* _EXERCISE OBJECTIVE_: Lift out each line of the data that holds "index".

Saved entries:

(* Let $S$ be the set of all sequents and $M,\mathbb{B}_S,m$ as in the context. For each formula $A$ put $V(A):=(m(A\Rightarrow),\,M(\Rightarrow A))$. Then for every formula $A$, $m(A\Rightarrow)$ and $M(\Rightarrow A)$ belong to $\mathbb{B}_S$ and $m(A\Rightarrow)\subseteq M(\Rightarrow A)$, and $V$ is a semi ${\tt D}\mathbb{B}_S$-valuation.
   Context: ${\sf G}^{1}{\sf LC}^{cf}$ is the cut-free second-order sequent calculus (language without relation or function symbols; sequents $\Gamma\Rightarrow\Delta$ are pairs of finite sets of formulas; initial sequents $A,\Gamma\Rightarrow\Delta,A$ for atomic $A$; rules $(L\lnot)$ $\lnot F,\Gamma\Rightarrow\Delta,F$ / $\lnot F,\Gamma\Rightarrow\Delta$; $(R\lnot)$ $F,\Gamma\Rightarrow\Delta,\lnot F$ / $\Gamma\Rightarrow\Delta,\lnot F$; rules for $\lor,\land$ and first/second-order quantifiers in which the major formula is kept in the premise, with eigenvariables not in the conclusion for $(L\exists),(R\forall)$ and arbitrary terms $t$ / abstracts $T=\lambda\vec x.G$ as instances for $(R\exists),(L\forall)$). $Tm_0$, $Tm_1^{(n)}$: first-order terms and $n$-ary abstracts. For sequents, $M(\Gamma\Rightarrow\Delta):=\{(\Lambda\Rightarrow\Theta)\in S:{\sf G}^{1}{\sf LC}^{cf}\vdash\Gamma,\Lambda\Rightarrow\Delta,\Theta\}$; this $M:S\to\mathcal{P}(S)$ satisfies $x\in M(x)\iff M(x)=S$ and $x\in M(y)\iff y\in M(x)$. $\mathbb{B}_S:=\{\alpha\subseteq S:\alpha=\bigcap\{M(x):\alpha\subseteq M(x)\}\}$ (with $\bigcap\emptyset=S$), a complete Boolean algebra under inclusion with meets $\bigcap$, joins $\sup_\lambda\alpha_\lambda=\bigcap\{\gamma\in\mathbb{B}_S:\bigcup_\lambda\alpha_\lambda\subseteq\gamma\}$, and complement $-\alpha=\bigcap\{M(x):x\in\alpha\}$; $m(y):=\bigcap\{M(x):y\in M(x)\}$. For a cBa $\mathbb{B}$: ${\tt D}\mathbb{B}=\{(a,b):a\le b\}$, ${\tt a}=(\Box{\tt a},\Diamond{\tt a})$; ${\tt a}\unlhd{\tt b}$ iff $\Box{\tt a}\le\Box{\tt b}$ and $\Diamond{\tt a}\ge\Diamond{\tt b}$; $-{\tt a}=(-\Diamond{\tt a},-\Box{\tt a})$; $\sup_<,\inf_<$ componentwise. A semi ${\tt D}\mathbb{B}$-valuation is a map $V$ from formulas to ${\tt D}\mathbb{B}$ with $V(\lnot F)\unlhd-V(F)$, $V(F_0\lor F_1)\unlhd\sup_<\{V(F_0),V(F_1)\}$, $V(F_0\land F_1)\unlhd\inf_<\{V(F_0),V(F_1)\}$, $V(\exists xF(x))\unlhd\sup_<\{V(F(t)):t\in Tm_0\}$, $V(\forall xF(x))\unlhd\inf_<\{V(F(t)):t\in Tm_0\}$, $V(\exists X^nF(X))\unlhd\sup_<\{V(F(T)):T\in Tm_1^{(n)}\}$, $V(\forall X^nF(X))\unlhd\inf_<\{V(F(T)):T\in Tm_1^{(n)}\}$. *)

theory Defs
  imports Main
begin

section \<open>Syntax: second-order language without relation or function symbols\<close>

text \<open>Locally nameless representation. First-order terms are free variables
  (named by nat) or bound variables (de Bruijn indices). Second-order variables are
  free (name, arity) or bound (de Bruijn index, separate index space).\<close>

datatype tm = FV nat | BV nat

datatype pv = PF nat nat | PB nat

datatype fm =
    FAtom pv "tm list"
  | FNeg fm
  | FOr fm fm
  | FAnd fm fm
  | FEx fm
  | FAll fm
  | FEx2 nat fm
  | FAll2 nat fm

fun tm_wf :: "nat \<Rightarrow> tm \<Rightarrow> bool" where
  "tm_wf k (FV a) = True"
| "tm_wf k (BV i) = (i < k)"

text \<open>wf k as F: F is well formed in a context of k first-order binders and
  second-order binders of arities as (innermost first).\<close>
fun wf :: "nat \<Rightarrow> nat list \<Rightarrow> fm \<Rightarrow> bool" where
  "wf k as (FAtom (PF X n) ts) = (length ts = n \<and> (\<forall>t\<in>set ts. tm_wf k t))"
| "wf k as (FAtom (PB i) ts) = (i < length as \<and> length ts = as ! i \<and> (\<forall>t\<in>set ts. tm_wf k t))"
| "wf k as (FNeg F) = wf k as F"
| "wf k as (FOr F G) = (wf k as F \<and> wf k as G)"
| "wf k as (FAnd F G) = (wf k as F \<and> wf k as G)"
| "wf k as (FEx F) = wf (Suc k) as F"
| "wf k as (FAll F) = wf (Suc k) as F"
| "wf k as (FEx2 n F) = wf k (n # as) F"
| "wf k as (FAll2 n F) = wf k (n # as) F"

definition Fm :: "fm set" where
  "Fm = {F. wf 0 [] F}"

definition Tm0 :: "tm set" where
  "Tm0 = range FV"

text \<open>n-ary abstracts Tm_1^(n): \<lambda>x_1..x_n. G is represented by its body G, in which
  x_(j+1) is the bound index j.\<close>
definition Abs :: "nat \<Rightarrow> fm set" where
  "Abs n = {G. wf n [] G}"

* _OUTPUT FOR THIS TASK_:
  free (name, arity) or bound (de Bruijn index, separate index space).\<close>
  x_(j+1) is the bound index j.\<close>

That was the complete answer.